J'ai l'honneur de représenter le segment des distributeurs moyens. Le marché est très concentré puisqu'il est couvert à 75 % par onze sociétés. Nous représentons le segment du milieu, avec treize sociétés qui représentent 15 % du marché et distribuent 85 % des films français et européens.
Nous sommes des intermédiaires, au centre de la problématique de la diffusion d'oeuvres françaises et européennes. Nous intervenons auprès des producteurs et des vendeurs pour acquérir des scénarios et nous nous occupons de la mise sur le marché et des frais d'édition.
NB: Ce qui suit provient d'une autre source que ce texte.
(* For any graph $G$ with $N$ edges and any two distinct edges numbered $1,2$, the scheme $$\mathcal{V}(\Psi^{12}_G)\setminus\big(\mathcal{V}(\Psi^{12}_G)\cap\mathcal{V}(\Psi^{1,2}_G)\big)\subset\mathbb{P}^{N-3}=\mathbb{P}(\alpha_3:\dots:\alpha_N)$$ is smooth.
   Context: Dodgson polynomials: for a graph $G$ without self-loops, with edges $1,\dots,N$ and variables $\alpha_e$, orient the edges; for edge $e$ and vertex $v$ let $\varepsilon_{e,v}=1$ if $v$ is the source of $e$, $-1$ if the target, $0$ otherwise; let $\mathcal{E}_G$ be obtained from $(\varepsilon_{e,v})$ by deleting one column, $A=\mathrm{diag}(\alpha_1,\dots,\alpha_N)$, $M_G=\begin{pmatrix}A&\mathcal{E}_G\\-\mathcal{E}_G^T&0\end{pmatrix}$. For edge sets $I,J,K$ with $|I|=|J|$, $\Psi^{I,J}_{G,K}$ is the determinant of $M_G$ with rows $I$ and columns $J$ removed and $\alpha_e=0$ for $e\in K$ (up to sign); $\Psi^{I}_G:=\Psi^{I,I}_G$. Thus $\Psi^{12}_G=\Psi^{\{1,2\},\{1,2\}}_G$ and $\Psi^{1,2}_G=\Psi^{\{1\},\{2\}}_G$. $\mathcal{V}(\cdot)$ denotes the zero locus. *)

theory Defs
  imports Complex_Main "Jordan_Normal_Form.Determinant" "Jordan_Normal_Form.DL_Submatrix"
begin

definition no_loop_graph :: "nat \<Rightarrow> nat \<Rightarrow> (nat \<Rightarrow> nat) \<Rightarrow> (nat \<Rightarrow> nat) \<Rightarrow> bool" where
  "no_loop_graph n N src tgt \<longleftrightarrow>
     (\<forall>e\<in>{1..N}. src e < n \<and> tgt e < n \<and> src e \<noteq> tgt e)"

definition eps :: "(nat \<Rightarrow> nat) \<Rightarrow> (nat \<Rightarrow> nat) \<Rightarrow> nat \<Rightarrow> nat \<Rightarrow> complex" where
  "eps src tgt e v = (if v = src e then 1 else if v = tgt e then -1 else 0)"

text \<open>The j-th remaining vertex after deleting the column of vertex d.\<close>
definition kept_vertex :: "nat \<Rightarrow> nat \<Rightarrow> nat" where
  "kept_vertex d j = (if j < d then j else j + 1)"

text \<open>The matrix M_G (column of vertex d deleted from the incidence matrix).
  Index i < N stands for edge i+1; index N+j stands for vertex kept_vertex d j.\<close>
definition graph_matrix ::
  "nat \<Rightarrow> nat \<Rightarrow> (nat \<Rightarrow> nat) \<Rightarrow> (nat \<Rightarrow> nat) \<Rightarrow> nat \<Rightarrow> (nat \<Rightarrow> complex) \<Rightarrow> complex mat" where
  "graph_matrix n N src tgt d \<alpha> =
     mat (N + n - 1) (N + n - 1) (\<lambda>(i, k).
       if i < N \<and> k < N then (if i = k then \<alpha> (i + 1) else 0)
       else if i < N then eps src tgt (i + 1) (kept_vertex d (k - N))
       else if k < N then - eps src tgt (k + 1) (kept_vertex d (i - N))
       else 0)"

text \<open>Dodgson polynomial Psi^{I,J}_{G,K} evaluated at alpha (edge sets I, J, K),
  as a function of alpha.\<close>
definition dodgson ::
  "nat \<Rightarrow> nat \<Rightarrow> (nat \<Rightarrow> nat) \<Rightarrow> (nat \<Rightarrow> nat) \<Rightarrow> nat \<Rightarrow> nat set \<Rightarrow> nat set \<Rightarrow> nat set
     \<Rightarrow> (nat \<Rightarrow> complex) \<Rightarrow> complex" where
  "dodgson n N src tgt d I J K \<alpha> =
     det (submatrix (graph_matrix n N src tgt d (\<lambda>e. if e \<in> K then 0 else \<alpha> e))
            (- ((\<lambda>e. e - 1) ` I)) (- ((\<lambda>e. e - 1) ` J)))"

definition partial :: "((nat \<Rightarrow> complex) \<Rightarrow> complex) \<Rightarrow> nat \<Rightarrow> (nat \<Rightarrow> complex) \<Rightarrow> complex" where
  "partial f e \<alpha> = (THE D. ((\<lambda>t. f (\<alpha>(e := t))) has_field_derivative D) (at (\<alpha> e)))"

text \<open>Smoothness of the scheme V(f) \ (V(f) \<inter> V(g)) in P(alpha_3 : ... : alpha_N),
  for homogeneous polynomials f, g in alpha_3..alpha_N (Jacobian criterion over C):
  either f is the zero polynomial (so V(f) is all of projective space, which is smooth),
  or at every point of V(f) outside V(g) some partial derivative of f is nonzero.\<close>
definition smooth_hypersurface_minus :: "nat \<Rightarrow> ((nat \<Rightarrow> complex) \<Rightarrow> complex)
    \<Rightarrow> ((nat \<Rightarrow> complex) \<Rightarrow> complex) \<Rightarrow> bool" where
  "smooth_hypersurface_minus N f g \<longleftrightarrow>
     (\<forall>\<alpha>. f \<alpha> = 0) \<or>
     (\<forall>\<alpha>. (\<exists>e\<in>{3..N}. \<alpha> e \<noteq> 0) \<longrightarrow> f \<alpha> = 0 \<longrightarrow> g \<alpha> \<noteq> 0 \<longrightarrow>
        (\<exists>e\<in>{3..N}. partial f e \<alpha> \<noteq> 0))"

end

theory Submission
  imports Defs
begin

text \<open>Write Psi^12(alpha) = det B(alpha), where B is M_G without the rows and columns of edges 1
  and 2. B is symmetric up to the signs +1 on edge and -1 on vertex indices, and alpha enters
  only its diagonal edge entries. Let alpha be a singular point of V(Psi^12) with Psi^12 not
  identically zero. A null vector x of B(alpha) has a nonzero entry x_r at some edge e, since
  otherwise it would be a null vector of every B(beta). The derivative of Psi^12 in alpha_e is
  the diagonal cofactor at r; its vanishing gives z, nonzero with z_r = 0, solving all equations
  of B(alpha) z = 0 but the r-th, which holds as well because the sign-twisted x is a left null
  vector. So the kernel of B(alpha) is at least two-dimensional and contains some nonzero w
  orthogonal to the row of edge 2; then (0, w) is a null vector of the matrix of Psi^{1,2}, so
  Psi^{1,2}(alpha) = 0.\<close>

definition null_vector :: "nat \<Rightarrow> (nat \<Rightarrow> nat \<Rightarrow> 'a::field) \<Rightarrow> (nat \<Rightarrow> 'a) \<Rightarrow> bool" where
  "null_vector k F v \<longleftrightarrow> (\<exists>j<k. v j \<noteq> 0) \<and> (\<forall>i<k. (\<Sum>j<k. F i j * v j) = 0)"

lemma mult_mat_vec_mat_vec: "mat k k (\<lambda>(i,j). F i j) *\<^sub>v vec k v = vec k (\<lambda>i. \<Sum>j<k. F i j * v j)"
  by (auto simp: scalar_prod_def row_def lessThan_atLeast0 intro!: sum.cong)

lemma det_mat_eq_0_iff_null_vector:
  fixes F :: "nat \<Rightarrow> nat \<Rightarrow> 'a::field"
  shows "det (mat k k (\<lambda>(i,j). F i j)) = 0 \<longleftrightarrow> (\<exists>v. null_vector k F v)"
proof -
  have vec_nonzero: "vec k v \<noteq> 0\<^sub>v k \<longleftrightarrow> (\<exists>j<k. v j \<noteq> 0)" for v :: "nat \<Rightarrow> 'a"
    by (auto simp: vec_eq_iff)
  have "det (mat k k (\<lambda>(i,j). F i j)) = 0 \<longleftrightarrow>
      (\<exists>v. vec k v \<noteq> 0\<^sub>v k \<and> mat k k (\<lambda>(i,j). F i j) *\<^sub>v vec k v = 0\<^sub>v k)"
    unfolding det_0_iff_vec_prod_zero_field[OF mat_carrier]
  proof safe
    fix w assume "w \<in> carrier_vec k" "w \<noteq> 0\<^sub>v k" "mat k k (\<lambda>(i,j). F i j) *\<^sub>v w = 0\<^sub>v k"
    moreover have "w = vec k (($) w)" using \<open>w \<in> carrier_vec k\<close> by auto
    ultimately show "\<exists>v. vec k v \<noteq> 0\<^sub>v k \<and> mat k k (\<lambda>(i,j). F i j) *\<^sub>v vec k v = 0\<^sub>v k"
      by metis
  qed (use vec_carrier in blast)
  then show ?thesis
    by (simp add: null_vector_def vec_nonzero mult_mat_vec_mat_vec vec_eq_iff)
qed

lemma det_mat_affine_row:
  fixes G :: "nat \<Rightarrow> nat \<Rightarrow> 'a::comm_ring_1"
  assumes "r < k"
  shows "det (mat k k (\<lambda>(i,j). if i = r then a j + t * b j else G i j)) =
    det (mat k k (\<lambda>(i,j). if i = r then a j else G i j)) +
    t * det (mat k k (\<lambda>(i,j). if i = r then b j else G i j))"
proof -
  have expand_row: "det (mat k k (\<lambda>(i,j). if i = r then c j else G i j)) =
      (\<Sum>p | p permutes {0..<k}. signof p * c (p r) * (\<Prod>i \<in> {0..<k} - {r}. G i (p i)))"
    for c :: "nat \<Rightarrow> 'a"
  proof -
    have "(\<Prod>i = 0..<k. mat k k (\<lambda>(i,j). if i = r then c j else G i j) $$ (i, p i)) =
        c (p r) * (\<Prod>i \<in> {0..<k} - {r}. G i (p i))" if "p permutes {0..<k}" for p
      using assms permutes_in_image[OF that] by (subst prod.remove[of _ r]) (auto intro!: prod.cong)
    then show ?thesis
      by (simp add: det_def'[where n = k] mult.assoc)
  qed
  show ?thesis
    unfolding expand_row by (simp add: sum_distrib_left sum.distrib[symmetric] algebra_simps)
qed

text \<open>The twisted vector \<open>(s\<^sub>i x\<^sub>i)\<close> is a left null vector of \<open>F\<close>, and it pairs with \<open>F z\<close> only
  in the row \<open>r\<close>.\<close>

lemma signed_symmetric_null_row:
  fixes F :: "nat \<Rightarrow> nat \<Rightarrow> 'a::field"
  assumes sym: "\<And>i j. i < k \<Longrightarrow> j < k \<Longrightarrow> F i j = s i * s j * F j i"
    and sign: "\<And>i. i < k \<Longrightarrow> s i * s i = 1"
    and x: "\<And>i. i < k \<Longrightarrow> (\<Sum>j<k. F i j * x j) = 0"
    and r: "r < k" "x r \<noteq> 0"
    and z: "\<And>i. i < k \<Longrightarrow> i \<noteq> r \<Longrightarrow> (\<Sum>j<k. F i j * z j) = 0"
  shows "(\<Sum>j<k. F r j * z j) = 0"
proof -
  have left_null: "(\<Sum>i<k. s i * x i * F i j) = 0" if "j < k" for j
  proof -
    have "(\<Sum>i<k. s i * x i * F i j) = (\<Sum>i<k. s j * (F j i * x i))"
    proof (rule sum.cong[OF refl])
      fix i assume "i \<in> {..<k}"
      then have "s i * x i * F i j = (s i * s i) * (s j * (F j i * x i))"
        using \<open>j < k\<close> by (subst sym[of i j]) (simp_all add: mult_ac)
      also have "\<dots> = s j * (F j i * x i)"
        using sign \<open>i \<in> {..<k}\<close> by simp
      finally show "s i * x i * F i j = s j * (F j i * x i)" .
    qed
    then show ?thesis using x[OF that] by (simp add: sum_distrib_left[symmetric])
  qed
  have "0 = (\<Sum>j<k. (\<Sum>i<k. s i * x i * F i j) * z j)"
    using left_null by simp
  also have "\<dots> = (\<Sum>j<k. \<Sum>i<k. s i * x i * F i j * z j)"
    by (simp add: sum_distrib_right)
  also have "\<dots> = (\<Sum>i<k. \<Sum>j<k. s i * x i * F i j * z j)"
    by (rule sum.swap)
  also have "\<dots> = (\<Sum>i<k. s i * x i * (\<Sum>j<k. F i j * z j))"
    by (simp add: sum_distrib_left mult.assoc)
  also have "\<dots> = s r * x r * (\<Sum>j<k. F r j * z j)"
    using r(1) z by (subst sum.remove[of _ r]) auto
  finally show ?thesis
    using sign[OF r(1)] r(2) by auto
qed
Les frais d'acquisition et les coûts de marketing représentent des sommes très importantes, dépassant parfois le million d'euros. Ce sont les recettes générées par le film sur notre territoire – salles, vidéo, vente télé, VOD – qui nous permettent d'amortir les frais que nous avons pu engager en amont.
Nous sommes donc très attachés à la territorialité des droits. En tant qu'importateur de films étrangers, notamment, nous ne pouvons pas nous contenter d'acquérir seulement les droits « salles ». Pour espérer amortir nos frais, il nous faut acquérir l'ensemble des droits. Très souvent, les films que nous distribuons ne couvrent pas leurs frais d'édition. Nous nous en sortons grâce au principe de compensation : les films qui marchent mieux nous permettent de payer les dettes générées par d'autres.
Pour pouvoir continuer notre travail, nous avons besoin, je le répète, de l'ensemble des droits d'auteur. Nous sommes donc très dépendants du compte de soutien français, mais aussi du soutien de MEDIA.
Ainsi, nous avons pu, l'an dernier, faire l'acquisition d'un film allemand, intitulé Toni Erdmann, parce que nous avions une partie de ce soutien financier à réinvestir dans un film européen. Nous partons demain pour le festival de Berlin, où nous pourrons, grâce au soutien généré par ce film, acheter d'autres films allemands et européens. Le soutien de MEDIA est au coeur de notre métier. Je m'interdis presque, parfois, d'aller voir des films américains parce que je sais que l'écosystème dans lequel les films européens sont vendus et distribués facilite notre travail et nous permet de garder l'équilibre sur ce portefeuille de films.
À l'origine, le programme MEDIA a consacré à peu près un tiers de son budget à la distribution. Il est donc très important pour l'ensemble des distributeurs européens. Yvon Thiec l'a souligné, il y a aujourd'hui, dans une période de diminution des budgets, de fortes tensions entre les petits pays et les grands pays, les curseurs ayant été modifiés pour instaurer une discrimination positive en faveur des petits pays. Il convient de veiller à ce que les grands pays comme l'Allemagne, l'Italie, l'Espagne ou la France puissent continuer à bénéficier de ce programme.
J'ai été très sensible à ce que vous avez dit sur les publics et les salles de cinéma. Nous travaillons en amont avec les producteurs et les vendeurs et en aval avec les salles. C'est un dialogue que nous entretenons au quotidien. Je tiens à saluer le travail qui a été fait en France pour la transition numérique et à souligner la chance que nous avons de disposer d'un parc de salles extrêmement dense et de qualité. Il est très important d'accompagner ce mouvement le mieux possible au niveau européen et de s'assurer qu'il y aura toujours des salles dans tous les pays européens pour permettre à de jeunes spectateurs de découvrir le cinéma dans les conditions pour lesquelles il a été créé.
Je suis aussi très attentive à la diffusion de films européens par nos chaînes de télévision, en particulier par nos chaînes publiques. À ce titre, Arte fait un travail absolument exemplaire. Pour nous, distributeurs, c'est à peu près le seul guichet pour nos films, car il est très difficile de vendre ces films à d'autres chaînes publiques. Il faut inciter nos chaînes nationales à assurer une plus grande diffusion de films d'auteurs européens contemporains et favoriser la circulation de ces oeuvres sur les chaînes publiques européennes afin d'engager les autres pays à suivre notre exemple.
En ce qui concerne l'exportation, nous avons besoin de vendeurs forts. Je rappelle que la plupart des films présentés à l'occasion de grands festivals, en France, à Berlin et à Venise, sont représentés par des vendeurs français, qu'il faut continuer à soutenir.
Une grande partie du programme MEDIA est consacrée à l'éducation. Il faut multiplier les programmes qui permettent aux enfants de découvrir le cinéma et de rajeunir un public qui est, comme vous le savez, de plus en plus âgé, car il a le temps de venir voir nos films. Il conviendrait de renouveler le public par tous les moyens possibles : l'éducation à l'image, un apprentissage plus précoce de l'écriture à l'école afin de sensibiliser les enfants, de manière plus générale, aux oeuvres audiovisuelles.